Desafío europeo
Las elecciones de mayo son una cita transcendental para el futuro de la UE
Este año el avance internacional de las fuerzas ultras tendrá su gran cita mundial en las elecciones europeas de mayo. Una contienda que tradicionalmente generaba indiferencia entre los votantes ha adquirido ahora una significación trascendental. Lo que está en juego es de carácter existencial: la defensa de un modelo de democracia, el valor que otorguemos a los mecanismos de control del poder, el proceso de integración europeo, los valores que forman parte de nuestra tradición humanista y el Estado de derecho.
Bruselas afronta su año electoral y de nuevo reparto de responsabilidades institucionales en un escenario de fragmentación política protagonizado por frágiles coaliciones minoritarias en los Gobiernos de la mitad de los países europeos. Esta inestabilidad hace más imprevisible el lento cambio de poder en la Alemania de Angela Merkel. Tampoco para Emmanuel Macron soplan vientos favorables; fuertemente debilitado en su país, su presencia como defensor de una integración más completa parece colocarle como director de una orquesta en la que nadie toca su misma partitura. Por un lado está una Liga hanseática que bloquea las necesarias reformas del euro, pero también un Gobierno en Italia que representa el primero nítidamente populista de la Unión, y un discurso abiertamente iliberal y radicalizado que crece como una hidra en el corazón de Europa enarbolado por el Grupo de Visegrado y jaleado por una parte de la antigua Mittleleuropa con el canciller austriaco a la cabeza.
La debilidad de las relaciones transatlánticas, con el unilateralismo y el lenguaje de la fuerza impuesto en el orden internacional, sitúan a una Europa en el mundo sin más opción que afrontar su desconcierto en soledad. El escenario pos-Brexit es imprevisible aunque no se constata su efecto dominó, y son también preocupantes las tensiones abiertas entre Bruselas y el Kremlin. Mientras la lógica de los hombres fuertes se impone en la mesa de las negociaciones mundiales, la Unión Europea permanece como gran baluarte del orden liberal.

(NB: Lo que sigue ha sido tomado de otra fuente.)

(* Let $\alpha\in\mathbb C$ and define sequences $u(k),v(k),f(k),g(k)$, $k\ge0$, by $u(0)=v(0)=0$, $f(0)=g(0)=1$ (so $u(1)=v(1)=1$) and, for $k\ge1$, $$u(k)=u(k-1)+f(k-1),\quad v(k)=v(k-1)+g(k-1),\quad f(k)=\frac{u(k)}{v(k)}\,g(k-1),\quad g(k)=\frac{\alpha v(k)}{k-\frac{\alpha u(k)}{f(k-1)}-\frac{\alpha v(k)}{g(k-1)}}.$$ (These are the recurrences equivalent to the constraints $\alpha u(k)=k\frac{f(k)g(k)f(k-1)}{f(k)g(k)+g(k)f(k-1)+f(k-1)g(k-1)}$, $\alpha v(k)=k\frac{g(k)f(k-1)g(k-1)}{f(k)g(k)+g(k)f(k-1)+f(k-1)g(k-1)}$ with $f(k)=u(k+1)-u(k)$, $g(k)=v(k+1)-v(k)$.) Then, for all $k$ such that the arguments are nonnegative integers, $$u(3k)=\frac{2k}{k+2\alpha}\Pi_1(k),\quad u(3k+1)=\frac{2k+2\alpha}{k+2\alpha}\Pi_1(k),\quad u(3k+2)=2\Pi_1(k),\quad f(3k-1)=f(3k)=f(3k+1)=\frac{2\alpha}{k+2\alpha}\Pi_1(k),$$ $$v(3k-1)=\frac{k-\alpha}{k+\alpha}\Pi_2(k),\quad v(3k)=\frac{k}{k+\alpha}\Pi_2(k),\quad v(3k+1)=\Pi_2(k),\quad g(3k-2)=g(3k-1)=g(3k)=\frac{\alpha}{k+\alpha}\Pi_2(k),$$ where $$\Pi_1(k)=\prod_{j=1}^k\frac{j+2\alpha}{j-\alpha},\qquad \Pi_2(k)=\prod_{j=1}^k\frac{j+\alpha}{j-2\alpha}.$$
   Context: Empty products equal $1$. The parameter $\alpha$ is such that all denominators occurring are nonzero. *)

theory Defs
  imports Complex_Main
begin

text \<open>The sequences (u k, v k, f k, g k) defined by the recurrences of the paper.
  Division uses the HOL convention x / 0 = 0; the theorem assumes all
  denominators are nonzero.\<close>

fun uvfg :: "complex \<Rightarrow> nat \<Rightarrow> complex \<times> complex \<times> complex \<times> complex" where
  "uvfg \<alpha> 0 = (0, 0, 1, 1)"
| "uvfg \<alpha> (Suc k) =
     (case uvfg \<alpha> k of (u0, v0, f0, g0) \<Rightarrow>
       (let u1 = u0 + f0; v1 = v0 + g0 in
        (u1, v1, u1 / v1 * g0,
         \<alpha> * v1 / (of_nat (Suc k) - \<alpha> * u1 / f0 - \<alpha> * v1 / g0))))"

definition useq :: "complex \<Rightarrow> nat \<Rightarrow> complex" where
  "useq \<alpha> k = fst (uvfg \<alpha> k)"
definition vseq :: "complex \<Rightarrow> nat \<Rightarrow> complex" where
  "vseq \<alpha> k = fst (snd (uvfg \<alpha> k))"
definition fseq :: "complex \<Rightarrow> nat \<Rightarrow> complex" where
  "fseq \<alpha> k = fst (snd (snd (uvfg \<alpha> k)))"
definition gseq :: "complex \<Rightarrow> nat \<Rightarrow> complex" where
  "gseq \<alpha> k = snd (snd (snd (uvfg \<alpha> k)))"

definition Pi1 :: "complex \<Rightarrow> nat \<Rightarrow> complex" where
  "Pi1 \<alpha> k = (\<Prod>j=1..k. (of_nat j + 2 * \<alpha>) / (of_nat j - \<alpha>))"
definition Pi2 :: "complex \<Rightarrow> nat \<Rightarrow> complex" where
  "Pi2 \<alpha> k = (\<Prod>j=1..k. (of_nat j + \<alpha>) / (of_nat j - 2 * \<alpha>))"

end

theory Submission
  imports Defs
begin

(* Along the recurrence the state (u, v, f, g) returns to the same shape every three steps, up to
   the factors of Pi1 and Pi2.  So it suffices to guess the closed forms at 3k, 3k+1, 3k+2 and
   push them through one step of the recurrence each; in these three steps the denominator
   k - \<alpha> u(k) / f(k-1) - \<alpha> v(k) / g(k-1) collapses to k+1-2\<alpha>, k+1-\<alpha> and k+1,
   which is where the new factors of Pi1 and Pi2 come from. *)

lemma uvfg_Suc_eqI:
  assumes "uvfg \<alpha> n = (u, v, f, g)"
    and "u' = u + f" "v' = v + g" "f' = u' / v' * g"
    and "of_nat (Suc n) - \<alpha> * u' / f - \<alpha> * v' / g = D"
    and "g' = \<alpha> * v' / D"
  shows "uvfg \<alpha> (Suc n) = (u', v', f', g')"
  using assms by (simp add: Let_def)

lemma Pi1_Suc: "Pi1 \<alpha> (Suc k) = Pi1 \<alpha> k * (of_nat (Suc k) + 2 * \<alpha>) / (of_nat (Suc k) - \<alpha>)"
  unfolding Pi1_def by (simp add: prod.cl_ivl_Suc)

lemma Pi2_Suc: "Pi2 \<alpha> (Suc k) = Pi2 \<alpha> k * (of_nat (Suc k) + \<alpha>) / (of_nat (Suc k) - 2 * \<alpha>)"
  unfolding Pi2_def by (simp add: prod.cl_ivl_Suc)

definition closed_form_3k :: "complex \<Rightarrow> nat \<Rightarrow> complex \<times> complex \<times> complex \<times> complex" where
  "closed_form_3k \<alpha> k =
     (2 * of_nat k / (of_nat k + 2 * \<alpha>) * Pi1 \<alpha> k,
      of_nat k / (of_nat k + \<alpha>) * Pi2 \<alpha> k,
      2 * \<alpha> / (of_nat k + 2 * \<alpha>) * Pi1 \<alpha> k,
      \<alpha> / (of_nat k + \<alpha>) * Pi2 \<alpha> k)"

(* The paper's values at 3(k+1)-2 and 3(k+1)-1 are written here with k+1 in place of k. *)
definition closed_form_3k1 :: "complex \<Rightarrow> nat \<Rightarrow> complex \<times> complex \<times> complex \<times> complex" where
  "closed_form_3k1 \<alpha> k =
     ((2 * of_nat k + 2 * \<alpha>) / (of_nat k + 2 * \<alpha>) * Pi1 \<alpha> k,
      Pi2 \<alpha> k,
      2 * \<alpha> / (of_nat k + 2 * \<alpha>) * Pi1 \<alpha> k,
      \<alpha> / (of_nat (Suc k) + \<alpha>) * Pi2 \<alpha> (Suc k))"

definition closed_form_3k2 :: "complex \<Rightarrow> nat \<Rightarrow> complex \<times> complex \<times> complex \<times> complex" where
  "closed_form_3k2 \<alpha> k =
     (2 * Pi1 \<alpha> k,
      (of_nat (Suc k) - \<alpha>) / (of_nat (Suc k) + \<alpha>) * Pi2 \<alpha> (Suc k),
      2 * \<alpha> / (of_nat (Suc k) + 2 * \<alpha>) * Pi1 \<alpha> (Suc k),
      \<alpha> / (of_nat (Suc k) + \<alpha>) * Pi2 \<alpha> (Suc k))"

locale nondegenerate_parameter =
  fixes \<alpha> :: complex
  assumes minus_nonzero: "\<And>j::nat. j \<ge> 1 \<Longrightarrow> of_nat j - \<alpha> \<noteq> 0 \<and> of_nat j - 2 * \<alpha> \<noteq> 0"
    and plus_nonzero: "\<And>k::nat. of_nat k + \<alpha> \<noteq> 0 \<and> of_nat k + 2 * \<alpha> \<noteq> 0"
begin

lemma alpha_nonzero: "\<alpha> \<noteq> 0"
  using plus_nonzero[of 0] by simp

lemma Pi1_nonzero: "Pi1 \<alpha> k \<noteq> 0"
  unfolding Pi1_def using minus_nonzero plus_nonzero by simp

lemma Pi2_nonzero: "Pi2 \<alpha> k \<noteq> 0"
  unfolding Pi2_def using minus_nonzero plus_nonzero by simp

lemma linear_factors_nonzero:
  "of_nat k + \<alpha> \<noteq> 0" "of_nat k + 2 * \<alpha> \<noteq> 0"
  "of_nat (Suc k) + \<alpha> \<noteq> 0" "of_nat (Suc k) + 2 * \<alpha> \<noteq> 0"
  "of_nat (Suc k) - \<alpha> \<noteq> 0" "of_nat (Suc k) - 2 * \<alpha> \<noteq> 0"
  using plus_nonzero[of k] plus_nonzero[of "Suc k"] minus_nonzero[of "Suc k"] by simp_all

lemmas nonzero_factors = alpha_nonzero Pi1_nonzero Pi2_nonzero linear_factors_nonzero of_nat_neq_0

lemma closed_form_3k_step:
  assumes "uvfg \<alpha> (3 * k) = closed_form_3k \<alpha> k"
  shows "uvfg \<alpha> (3 * k + 1) = closed_form_3k1 \<alpha> k"
proof -
  have denom: "of_nat (Suc (3 * k))
      - \<alpha> * ((2 * of_nat k + 2 * \<alpha>) / (of_nat k + 2 * \<alpha>) * Pi1 \<alpha> k)
          / (2 * \<alpha> / (of_nat k + 2 * \<alpha>) * Pi1 \<alpha> k)
      - \<alpha> * Pi2 \<alpha> k / (\<alpha> / (of_nat k + \<alpha>) * Pi2 \<alpha> k)
     = of_nat (Suc k) - 2 * \<alpha>"
    using nonzero_factors by (simp add: divide_simps; simp add: algebra_simps)
  have "uvfg \<alpha> (Suc (3 * k)) = closed_form_3k1 \<alpha> k"
    unfolding closed_form_3k1_def
    apply (rule uvfg_Suc_eqI[OF assms[unfolded closed_form_3k_def] _ _ _ denom])
    apply (insert nonzero_factors)
    by (simp_all add: Pi2_Suc divide_simps) (simp_all add: algebra_simps)
  then show ?thesis
    by simp
qed

lemma closed_form_3k1_step:
  assumes "uvfg \<alpha> (3 * k + 1) = closed_form_3k1 \<alpha> k"
  shows "uvfg \<alpha> (3 * k + 2) = closed_form_3k2 \<alpha> k"
proof -
  have denom: "of_nat (Suc (3 * k + 1))
      - \<alpha> * (2 * Pi1 \<alpha> k) / (2 * \<alpha> / (of_nat k + 2 * \<alpha>) * Pi1 \<alpha> k)
      - \<alpha> * ((of_nat (Suc k) - \<alpha>) / (of_nat (Suc k) + \<alpha>) * Pi2 \<alpha> (Suc k))
          / (\<alpha> / (of_nat (Suc k) + \<alpha>) * Pi2 \<alpha> (Suc k))
     = of_nat (Suc k) - \<alpha>"
    using nonzero_factors by (simp add: divide_simps; simp add: algebra_simps)
  have "uvfg \<alpha> (Suc (3 * k + 1)) = closed_form_3k2 \<alpha> k"
    unfolding closed_form_3k2_def
    apply (rule uvfg_Suc_eqI[OF assms[unfolded closed_form_3k1_def] _ _ _ denom])
    apply (insert nonzero_factors)
    by (simp_all add: Pi1_Suc Pi2_Suc divide_simps) (simp_all add: algebra_simps)
  then show ?thesis
    by simp
qed

lemma closed_form_3k2_step:
  assumes "uvfg \<alpha> (3 * k + 2) = closed_form_3k2 \<alpha> k"
  shows "uvfg \<alpha> (3 * Suc k) = closed_form_3k \<alpha> (Suc k)"
proof -
  have denom: "of_nat (Suc (3 * k + 2))
      - \<alpha> * (2 * of_nat (Suc k) / (of_nat (Suc k) + 2 * \<alpha>) * Pi1 \<alpha> (Suc k))
          / (2 * \<alpha> / (of_nat (Suc k) + 2 * \<alpha>) * Pi1 \<alpha> (Suc k))
      - \<alpha> * (of_nat (Suc k) / (of_nat (Suc k) + \<alpha>) * Pi2 \<alpha> (Suc k))
          / (\<alpha> / (of_nat (Suc k) + \<alpha>) * Pi2 \<alpha> (Suc k))
     = of_nat (Suc k)"
    using nonzero_factors by (simp add: divide_simps; simp add: algebra_simps)
  have "uvfg \<alpha> (Suc (3 * k + 2)) = closed_form_3k \<alpha> (Suc k)"
    unfolding closed_form_3k_def
    apply (rule uvfg_Suc_eqI[OF assms[unfolded closed_form_3k2_def] _ _ _ denom])
    apply (insert nonzero_factors)
    by (simp_all add: Pi1_Suc divide_simps) (simp_all add: algebra_simps)
  then show ?thesis
    by (simp add: numeral_3_eq_3 del: uvfg.simps)
qed

lemma uvfg_3k: "uvfg \<alpha> (3 * k) = closed_form_3k \<alpha> k"
proof (induction k)
  case 0
  show ?case
    using alpha_nonzero by (simp add: closed_form_3k_def Pi1_def Pi2_def)
next
  case (Suc k)
  then show ?case
    by (intro closed_form_3k2_step closed_form_3k1_step closed_form_3k_step)
qed

lemma uvfg_3k1: "uvfg \<alpha> (3 * k + 1) = closed_form_3k1 \<alpha> k"
  by (rule closed_form_3k_step[OF uvfg_3k])

lemma uvfg_3k2: "uvfg \<alpha> (3 * k + 2) = closed_form_3k2 \<alpha> k"
  by (rule closed_form_3k1_step[OF uvfg_3k1])

lemma uvfg_3k_minus_2:
  assumes "k \<ge> 1"
  shows "uvfg \<alpha> (3 * k - 2) = closed_form_3k1 \<alpha> (k - 1)"
proof -
  have "3 * k - 2 = 3 * (k - 1) + 1"
    using assms by simp
  then show ?thesis
    by (simp only: uvfg_3k1)
qed

lemma uvfg_3k_minus_1:
  assumes "k \<ge> 1"
  shows "uvfg \<alpha> (3 * k - 1) = closed_form_3k2 \<alpha> (k - 1)"
proof -
  have "3 * k - 1 = 3 * (k - 1) + 2"
    using assms by simp
  then show ?thesis
    by (simp only: uvfg_3k2)
qed

end

theorem theorem23:
  fixes \<alpha> :: complex
  assumes rec_denoms: "\<And>k. k \<ge> 1 \<Longrightarrow>
      vseq \<alpha> k \<noteq> 0 \<and> fseq \<alpha> (k - 1) \<noteq> 0 \<and> gseq \<alpha> (k - 1) \<noteq> 0 \<and>
      of_nat k - \<alpha> * useq \<alpha> k / fseq \<alpha> (k - 1) - \<alpha> * vseq \<alpha> k / gseq \<alpha> (k - 1) \<noteq> 0"
    and prod_denoms: "\<And>j::nat. j \<ge> 1 \<Longrightarrow> of_nat j - \<alpha> \<noteq> 0 \<and> of_nat j - 2 * \<alpha> \<noteq> 0"
    and formula_denoms: "\<And>k::nat. of_nat k + \<alpha> \<noteq> 0 \<and> of_nat k + 2 * \<alpha> \<noteq> 0"
  shows "\<forall>k::nat.
      useq \<alpha> (3*k) = 2 * of_nat k / (of_nat k + 2*\<alpha>) * Pi1 \<alpha> k \<and>
      useq \<alpha> (3*k+1) = (2 * of_nat k + 2*\<alpha>) / (of_nat k + 2*\<alpha>) * Pi1 \<alpha> k \<and>
      useq \<alpha> (3*k+2) = 2 * Pi1 \<alpha> k \<and>
      fseq \<alpha> (3*k) = 2*\<alpha> / (of_nat k + 2*\<alpha>) * Pi1 \<alpha> k \<and>
      fseq \<alpha> (3*k+1) = 2*\<alpha> / (of_nat k + 2*\<alpha>) * Pi1 \<alpha> k \<and>
      vseq \<alpha> (3*k) = of_nat k / (of_nat k + \<alpha>) * Pi2 \<alpha> k \<and>
      vseq \<alpha> (3*k+1) = Pi2 \<alpha> k \<and>
      gseq \<alpha> (3*k) = \<alpha> / (of_nat k + \<alpha>) * Pi2 \<alpha> k \<and>
      (k \<ge> 1 \<longrightarrow>
        fseq \<alpha> (3*k-1) = 2*\<alpha> / (of_nat k + 2*\<alpha>) * Pi1 \<alpha> k \<and>
        vseq \<alpha> (3*k-1) = (of_nat k - \<alpha>) / (of_nat k + \<alpha>) * Pi2 \<alpha> k \<and>
        gseq \<alpha> (3*k-2) = \<alpha> / (of_nat k + \<alpha>) * Pi2 \<alpha> k \<and>
        gseq \<alpha> (3*k-1) = \<alpha> / (of_nat k + \<alpha>) * Pi2 \<alpha> k)"
proof -
  interpret nondegenerate_parameter \<alpha>
    using prod_denoms formula_denoms by unfold_locales
  show ?thesis
    unfolding useq_def vseq_def fseq_def gseq_def uvfg_3k uvfg_3k1 uvfg_3k2
    using uvfg_3k_minus_1 uvfg_3k_minus_2
    by (simp add: closed_form_3k_def closed_form_3k1_def closed_form_3k2_def del: uvfg.simps)
qed

end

Pero conviene no ser demasiado condescendientes. El cortoplacismo nacionalista no es patrimonio exclusivo de las fuerzas ultras contestatarias, y con demasiada frecuencia este ha frenado unas reformas que si no se llevan a cabo multiplicarán las contradicciones que han hecho posible el auge eurófobo. A pesar del importante avance que supuso hace 20 años la creación del euro, sigue sin desarrollarse, por ejemplo, un brazo fiscal común que acompañe a la política monetaria para confrontar entre todos turbulencias económicas que parecen en ciernes. Muy a menudo la excesiva tecnificación del engranaje comunitario ha priorizado la eficacia frente a la legitimidad de origen: la de la participación ciudadana y politización de grandes decisiones que a veces han parecido solo concernir a sus élites. Y sin embargo, en vista del panorama actual, es obvio que esa eficacia como fuente de legitimidad no ha sido suficiente. Pero si queremos una Unión Europea a pleno rendimiento y que recupere la percepción perdida de malla protectora hacia su ciudadanía necesitamos una mayor clarificación del reparto competencial entre instituciones comunitarias y Estados miembros; Bruselas debe ocuparse solo de áreas claras donde su papel es indispensable, respetando así el principio de subsidiariedad, para evitar ser convertida siempre en el chivo expiatorio de los debates políticos nacionales.
Ahora que se busca destruir o debilitar la Unión y lo que representa —una historia de éxito innegable en la consolidación de paz y bienestar social— la apuesta sobre su futuro debe ser el apoyo inquebrantable a su integración y a las fuerzas europeístas que quieren transitar ese camino. La mejor forma de proteger la idea de Europa es el avance firme en las áreas donde es necesaria la integración mientras se contribuye a que las decisiones sean adoptadas lo más cerca posible de la ciudadanía: política exterior y de defensa, reforma del euro, gestión común de las migraciones y desarrollo social que asegure oportunidades para las nuevas generaciones. Solo así la UE se adaptará a un mundo hostil a los valores que representa: tolerancia y solidaridad. La trascendente cita electoral de mayo debería situarlos en el corazón de su agenda.